- [Supplied data]
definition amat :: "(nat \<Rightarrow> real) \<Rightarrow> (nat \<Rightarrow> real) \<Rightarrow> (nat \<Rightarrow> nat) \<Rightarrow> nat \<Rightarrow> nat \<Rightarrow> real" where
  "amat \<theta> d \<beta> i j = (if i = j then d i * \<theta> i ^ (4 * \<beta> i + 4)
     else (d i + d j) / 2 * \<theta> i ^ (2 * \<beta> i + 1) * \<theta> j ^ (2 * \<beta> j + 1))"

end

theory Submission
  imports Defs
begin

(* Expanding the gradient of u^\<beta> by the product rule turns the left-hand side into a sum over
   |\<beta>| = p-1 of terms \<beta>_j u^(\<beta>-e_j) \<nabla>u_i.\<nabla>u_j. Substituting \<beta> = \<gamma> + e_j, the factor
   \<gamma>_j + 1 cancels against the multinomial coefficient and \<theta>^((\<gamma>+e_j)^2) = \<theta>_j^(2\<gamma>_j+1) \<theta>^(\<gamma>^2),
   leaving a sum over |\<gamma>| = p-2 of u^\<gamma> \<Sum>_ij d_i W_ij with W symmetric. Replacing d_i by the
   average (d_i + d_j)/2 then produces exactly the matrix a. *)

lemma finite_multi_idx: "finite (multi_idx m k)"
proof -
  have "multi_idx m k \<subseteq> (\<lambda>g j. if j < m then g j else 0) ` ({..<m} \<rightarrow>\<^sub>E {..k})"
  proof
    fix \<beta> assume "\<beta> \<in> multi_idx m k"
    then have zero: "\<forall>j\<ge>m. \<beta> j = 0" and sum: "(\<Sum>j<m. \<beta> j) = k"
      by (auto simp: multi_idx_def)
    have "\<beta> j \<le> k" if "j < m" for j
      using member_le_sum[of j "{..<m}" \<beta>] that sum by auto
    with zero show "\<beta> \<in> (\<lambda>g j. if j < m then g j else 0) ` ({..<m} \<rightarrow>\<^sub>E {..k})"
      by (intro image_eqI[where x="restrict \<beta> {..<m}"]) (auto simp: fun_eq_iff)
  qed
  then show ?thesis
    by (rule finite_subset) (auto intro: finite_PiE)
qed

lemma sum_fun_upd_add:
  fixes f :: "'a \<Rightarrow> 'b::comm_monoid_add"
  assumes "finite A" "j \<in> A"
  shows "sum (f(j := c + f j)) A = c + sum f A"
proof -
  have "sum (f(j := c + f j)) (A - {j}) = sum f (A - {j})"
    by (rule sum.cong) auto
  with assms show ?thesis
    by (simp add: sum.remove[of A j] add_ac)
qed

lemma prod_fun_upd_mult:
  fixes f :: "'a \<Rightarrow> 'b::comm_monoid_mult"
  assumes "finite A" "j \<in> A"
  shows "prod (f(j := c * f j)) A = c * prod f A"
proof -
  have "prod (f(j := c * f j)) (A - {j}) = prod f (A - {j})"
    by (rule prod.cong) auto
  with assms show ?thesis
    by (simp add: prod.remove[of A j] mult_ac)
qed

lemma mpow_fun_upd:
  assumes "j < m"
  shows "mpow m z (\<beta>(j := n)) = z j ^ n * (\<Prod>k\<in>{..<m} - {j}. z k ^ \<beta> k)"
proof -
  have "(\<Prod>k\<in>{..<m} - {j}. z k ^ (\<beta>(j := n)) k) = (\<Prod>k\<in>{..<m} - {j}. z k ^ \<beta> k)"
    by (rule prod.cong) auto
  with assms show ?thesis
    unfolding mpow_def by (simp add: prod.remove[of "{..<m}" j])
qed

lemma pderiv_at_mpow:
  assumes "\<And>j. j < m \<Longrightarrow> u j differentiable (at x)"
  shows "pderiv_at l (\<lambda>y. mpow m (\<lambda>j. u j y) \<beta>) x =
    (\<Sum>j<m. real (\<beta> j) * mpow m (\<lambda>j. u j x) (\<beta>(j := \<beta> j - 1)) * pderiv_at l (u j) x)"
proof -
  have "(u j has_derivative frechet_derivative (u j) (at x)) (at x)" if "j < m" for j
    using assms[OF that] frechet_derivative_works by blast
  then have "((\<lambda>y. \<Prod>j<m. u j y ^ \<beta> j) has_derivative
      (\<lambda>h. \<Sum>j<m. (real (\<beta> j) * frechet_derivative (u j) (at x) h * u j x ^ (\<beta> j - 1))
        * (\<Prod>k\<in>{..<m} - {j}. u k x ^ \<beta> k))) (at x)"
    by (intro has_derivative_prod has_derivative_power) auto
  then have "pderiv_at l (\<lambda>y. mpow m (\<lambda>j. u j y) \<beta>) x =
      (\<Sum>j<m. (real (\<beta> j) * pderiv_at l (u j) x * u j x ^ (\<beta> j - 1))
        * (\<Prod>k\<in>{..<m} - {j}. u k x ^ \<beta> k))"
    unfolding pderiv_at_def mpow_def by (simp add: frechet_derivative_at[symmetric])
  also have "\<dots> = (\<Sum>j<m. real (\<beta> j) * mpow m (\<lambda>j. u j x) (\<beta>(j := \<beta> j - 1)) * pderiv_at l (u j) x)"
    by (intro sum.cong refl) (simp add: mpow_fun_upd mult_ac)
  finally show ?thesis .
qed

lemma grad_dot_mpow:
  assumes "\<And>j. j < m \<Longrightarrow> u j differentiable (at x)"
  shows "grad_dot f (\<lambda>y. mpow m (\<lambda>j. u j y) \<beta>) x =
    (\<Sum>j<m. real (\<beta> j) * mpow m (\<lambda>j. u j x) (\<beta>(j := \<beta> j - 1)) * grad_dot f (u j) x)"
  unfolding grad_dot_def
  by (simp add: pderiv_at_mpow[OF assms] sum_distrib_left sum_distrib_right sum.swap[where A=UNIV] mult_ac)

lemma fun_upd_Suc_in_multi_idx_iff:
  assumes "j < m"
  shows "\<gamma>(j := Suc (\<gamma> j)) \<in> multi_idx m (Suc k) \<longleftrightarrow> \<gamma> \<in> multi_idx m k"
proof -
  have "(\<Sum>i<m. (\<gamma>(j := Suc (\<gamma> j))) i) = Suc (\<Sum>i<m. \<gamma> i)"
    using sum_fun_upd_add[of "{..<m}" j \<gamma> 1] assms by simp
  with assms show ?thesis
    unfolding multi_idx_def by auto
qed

* * *

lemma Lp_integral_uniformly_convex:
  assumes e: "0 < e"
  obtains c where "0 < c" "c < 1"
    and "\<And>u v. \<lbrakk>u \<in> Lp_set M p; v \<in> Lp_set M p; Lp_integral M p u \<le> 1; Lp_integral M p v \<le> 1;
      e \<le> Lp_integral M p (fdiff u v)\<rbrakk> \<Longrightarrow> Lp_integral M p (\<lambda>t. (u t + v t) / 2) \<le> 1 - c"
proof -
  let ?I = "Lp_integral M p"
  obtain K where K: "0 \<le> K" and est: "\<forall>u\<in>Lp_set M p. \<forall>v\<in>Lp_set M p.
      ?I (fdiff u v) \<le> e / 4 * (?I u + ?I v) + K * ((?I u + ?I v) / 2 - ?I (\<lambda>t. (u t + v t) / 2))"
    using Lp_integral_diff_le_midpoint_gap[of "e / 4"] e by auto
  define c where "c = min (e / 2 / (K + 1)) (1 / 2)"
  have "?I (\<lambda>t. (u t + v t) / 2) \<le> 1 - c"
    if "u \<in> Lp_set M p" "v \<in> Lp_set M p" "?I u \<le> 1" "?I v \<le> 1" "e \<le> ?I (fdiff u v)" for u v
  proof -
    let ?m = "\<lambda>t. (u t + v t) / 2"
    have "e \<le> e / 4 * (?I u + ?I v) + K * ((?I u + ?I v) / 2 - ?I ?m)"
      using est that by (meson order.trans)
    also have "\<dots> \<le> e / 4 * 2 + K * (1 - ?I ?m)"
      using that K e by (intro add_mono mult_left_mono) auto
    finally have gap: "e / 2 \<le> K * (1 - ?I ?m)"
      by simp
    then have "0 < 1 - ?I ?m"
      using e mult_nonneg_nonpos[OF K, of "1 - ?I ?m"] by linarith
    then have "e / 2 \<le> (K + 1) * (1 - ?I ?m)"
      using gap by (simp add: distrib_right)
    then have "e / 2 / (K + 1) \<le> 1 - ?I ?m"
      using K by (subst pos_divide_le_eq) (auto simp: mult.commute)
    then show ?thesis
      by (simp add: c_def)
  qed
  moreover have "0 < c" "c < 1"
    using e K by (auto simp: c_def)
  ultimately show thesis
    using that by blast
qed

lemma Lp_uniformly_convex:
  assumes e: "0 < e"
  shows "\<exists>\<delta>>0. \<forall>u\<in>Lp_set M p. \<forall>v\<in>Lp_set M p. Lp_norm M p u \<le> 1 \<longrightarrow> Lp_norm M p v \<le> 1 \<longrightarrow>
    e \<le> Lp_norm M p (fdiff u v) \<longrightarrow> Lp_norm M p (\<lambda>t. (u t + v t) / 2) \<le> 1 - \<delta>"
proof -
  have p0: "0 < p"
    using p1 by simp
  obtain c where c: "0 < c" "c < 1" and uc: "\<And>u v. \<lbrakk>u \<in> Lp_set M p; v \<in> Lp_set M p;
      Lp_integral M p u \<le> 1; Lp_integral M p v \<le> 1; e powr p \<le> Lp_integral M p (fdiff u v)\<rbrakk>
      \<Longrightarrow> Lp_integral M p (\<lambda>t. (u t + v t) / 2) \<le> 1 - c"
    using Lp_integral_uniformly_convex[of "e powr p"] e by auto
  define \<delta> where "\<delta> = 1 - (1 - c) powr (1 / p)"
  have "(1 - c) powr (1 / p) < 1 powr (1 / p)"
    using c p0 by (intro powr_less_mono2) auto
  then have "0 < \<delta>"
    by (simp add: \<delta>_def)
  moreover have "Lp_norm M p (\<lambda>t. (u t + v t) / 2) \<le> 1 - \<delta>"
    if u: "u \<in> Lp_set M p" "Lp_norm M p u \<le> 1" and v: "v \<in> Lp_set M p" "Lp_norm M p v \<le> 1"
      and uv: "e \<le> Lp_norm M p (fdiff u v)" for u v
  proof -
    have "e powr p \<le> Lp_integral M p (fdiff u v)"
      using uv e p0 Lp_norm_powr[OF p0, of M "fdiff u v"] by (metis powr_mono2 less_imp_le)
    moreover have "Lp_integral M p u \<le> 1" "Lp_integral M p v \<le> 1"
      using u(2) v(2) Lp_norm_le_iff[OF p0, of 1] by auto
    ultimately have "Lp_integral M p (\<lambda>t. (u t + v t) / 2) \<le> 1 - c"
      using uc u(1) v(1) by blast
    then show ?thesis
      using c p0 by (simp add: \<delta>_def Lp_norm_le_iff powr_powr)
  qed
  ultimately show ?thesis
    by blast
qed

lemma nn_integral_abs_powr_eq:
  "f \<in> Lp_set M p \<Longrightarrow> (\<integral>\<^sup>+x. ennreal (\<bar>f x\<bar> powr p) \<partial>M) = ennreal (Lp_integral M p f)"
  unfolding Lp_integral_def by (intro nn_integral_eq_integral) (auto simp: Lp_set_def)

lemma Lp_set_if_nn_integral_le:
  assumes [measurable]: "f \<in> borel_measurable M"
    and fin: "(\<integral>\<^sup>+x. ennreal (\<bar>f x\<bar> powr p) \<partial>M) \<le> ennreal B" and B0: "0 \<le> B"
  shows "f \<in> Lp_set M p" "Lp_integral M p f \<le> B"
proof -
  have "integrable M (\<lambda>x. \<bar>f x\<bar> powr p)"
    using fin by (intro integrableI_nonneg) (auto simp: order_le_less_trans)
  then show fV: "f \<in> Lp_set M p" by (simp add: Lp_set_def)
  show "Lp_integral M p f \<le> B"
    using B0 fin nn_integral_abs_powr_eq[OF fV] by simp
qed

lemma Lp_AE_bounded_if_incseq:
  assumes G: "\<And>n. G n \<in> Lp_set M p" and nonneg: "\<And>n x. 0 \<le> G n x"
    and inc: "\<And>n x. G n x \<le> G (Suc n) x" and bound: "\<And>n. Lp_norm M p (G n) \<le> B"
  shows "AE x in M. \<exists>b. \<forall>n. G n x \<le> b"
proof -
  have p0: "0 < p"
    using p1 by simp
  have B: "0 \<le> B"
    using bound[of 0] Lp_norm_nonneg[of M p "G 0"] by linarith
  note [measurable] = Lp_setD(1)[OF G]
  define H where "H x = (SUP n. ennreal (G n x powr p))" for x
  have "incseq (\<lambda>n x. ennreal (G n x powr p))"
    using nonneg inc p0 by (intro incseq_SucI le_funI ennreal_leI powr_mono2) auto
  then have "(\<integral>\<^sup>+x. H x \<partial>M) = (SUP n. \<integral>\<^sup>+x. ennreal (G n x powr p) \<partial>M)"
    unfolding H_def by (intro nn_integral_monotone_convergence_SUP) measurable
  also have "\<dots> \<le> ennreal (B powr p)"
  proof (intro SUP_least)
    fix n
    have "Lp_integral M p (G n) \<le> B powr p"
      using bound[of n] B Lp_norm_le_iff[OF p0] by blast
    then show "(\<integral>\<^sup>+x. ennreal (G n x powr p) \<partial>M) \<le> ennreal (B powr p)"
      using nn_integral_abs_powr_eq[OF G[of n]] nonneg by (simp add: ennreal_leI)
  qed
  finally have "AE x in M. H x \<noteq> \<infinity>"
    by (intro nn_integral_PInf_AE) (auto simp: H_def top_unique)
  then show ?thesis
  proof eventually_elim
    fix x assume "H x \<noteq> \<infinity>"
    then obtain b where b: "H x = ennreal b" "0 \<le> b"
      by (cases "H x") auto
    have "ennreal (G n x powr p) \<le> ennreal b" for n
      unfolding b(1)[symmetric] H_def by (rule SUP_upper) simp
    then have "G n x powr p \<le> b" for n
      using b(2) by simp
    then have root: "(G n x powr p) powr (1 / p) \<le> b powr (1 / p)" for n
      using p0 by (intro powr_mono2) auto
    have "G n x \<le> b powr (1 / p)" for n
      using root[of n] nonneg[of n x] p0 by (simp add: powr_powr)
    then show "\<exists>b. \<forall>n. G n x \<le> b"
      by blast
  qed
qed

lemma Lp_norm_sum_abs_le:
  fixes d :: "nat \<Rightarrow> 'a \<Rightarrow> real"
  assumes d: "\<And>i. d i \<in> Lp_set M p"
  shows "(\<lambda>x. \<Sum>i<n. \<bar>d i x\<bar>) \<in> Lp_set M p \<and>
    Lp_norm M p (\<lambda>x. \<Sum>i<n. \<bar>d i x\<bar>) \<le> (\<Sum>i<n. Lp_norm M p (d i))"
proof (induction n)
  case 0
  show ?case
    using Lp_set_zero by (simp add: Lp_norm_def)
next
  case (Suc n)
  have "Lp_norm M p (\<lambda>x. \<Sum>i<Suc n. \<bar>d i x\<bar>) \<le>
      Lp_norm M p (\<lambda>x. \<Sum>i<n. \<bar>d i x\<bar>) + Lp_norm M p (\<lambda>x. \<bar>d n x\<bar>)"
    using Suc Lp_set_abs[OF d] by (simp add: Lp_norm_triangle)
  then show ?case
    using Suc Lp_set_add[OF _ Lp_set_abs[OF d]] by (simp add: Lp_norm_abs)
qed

...

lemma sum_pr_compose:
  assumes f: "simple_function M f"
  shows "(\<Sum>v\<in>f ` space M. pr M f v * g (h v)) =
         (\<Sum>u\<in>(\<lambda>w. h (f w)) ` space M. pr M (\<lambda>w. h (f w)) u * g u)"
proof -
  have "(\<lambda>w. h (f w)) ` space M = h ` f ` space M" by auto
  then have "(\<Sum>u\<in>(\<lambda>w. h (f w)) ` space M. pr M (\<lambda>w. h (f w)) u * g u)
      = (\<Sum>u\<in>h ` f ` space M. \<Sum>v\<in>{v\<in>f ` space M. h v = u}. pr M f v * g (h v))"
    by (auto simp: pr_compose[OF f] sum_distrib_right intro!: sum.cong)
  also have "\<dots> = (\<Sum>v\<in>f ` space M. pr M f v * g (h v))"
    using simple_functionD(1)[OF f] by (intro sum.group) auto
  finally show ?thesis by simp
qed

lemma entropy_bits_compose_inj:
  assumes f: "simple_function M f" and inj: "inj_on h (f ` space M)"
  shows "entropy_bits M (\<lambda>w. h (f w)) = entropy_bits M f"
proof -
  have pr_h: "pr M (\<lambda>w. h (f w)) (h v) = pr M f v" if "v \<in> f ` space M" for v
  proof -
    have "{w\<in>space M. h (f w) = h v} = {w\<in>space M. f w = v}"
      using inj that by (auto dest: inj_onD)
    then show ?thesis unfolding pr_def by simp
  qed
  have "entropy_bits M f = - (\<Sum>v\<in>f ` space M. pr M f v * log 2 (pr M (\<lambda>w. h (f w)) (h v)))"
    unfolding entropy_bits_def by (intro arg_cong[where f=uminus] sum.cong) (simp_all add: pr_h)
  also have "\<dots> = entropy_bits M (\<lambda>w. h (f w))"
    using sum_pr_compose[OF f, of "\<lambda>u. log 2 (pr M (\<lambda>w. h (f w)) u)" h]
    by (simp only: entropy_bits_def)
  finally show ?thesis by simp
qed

- [What you need to do] Your task is to retype the entries verbatim, starting with the line that holds "(nat \<Rightarrow> nat)" and stopping after the line that holds "(* Expanding the".

- [Result of this task]
definition amat :: "(nat \<Rightarrow> real) \<Rightarrow> (nat \<Rightarrow> real) \<Rightarrow> (nat \<Rightarrow> nat) \<Rightarrow> nat \<Rightarrow> nat \<Rightarrow> real" where
  "amat \<theta> d \<beta> i j = (if i = j then d i * \<theta> i ^ (4 * \<beta> i + 4)
     else (d i + d j) / 2 * \<theta> i ^ (2 * \<beta> i + 1) * \<theta> j ^ (2 * \<beta> j + 1))"

end

theory Submission
  imports Defs
begin

(* Expanding the gradient of u^\<beta> by the product rule turns the left-hand side into a sum over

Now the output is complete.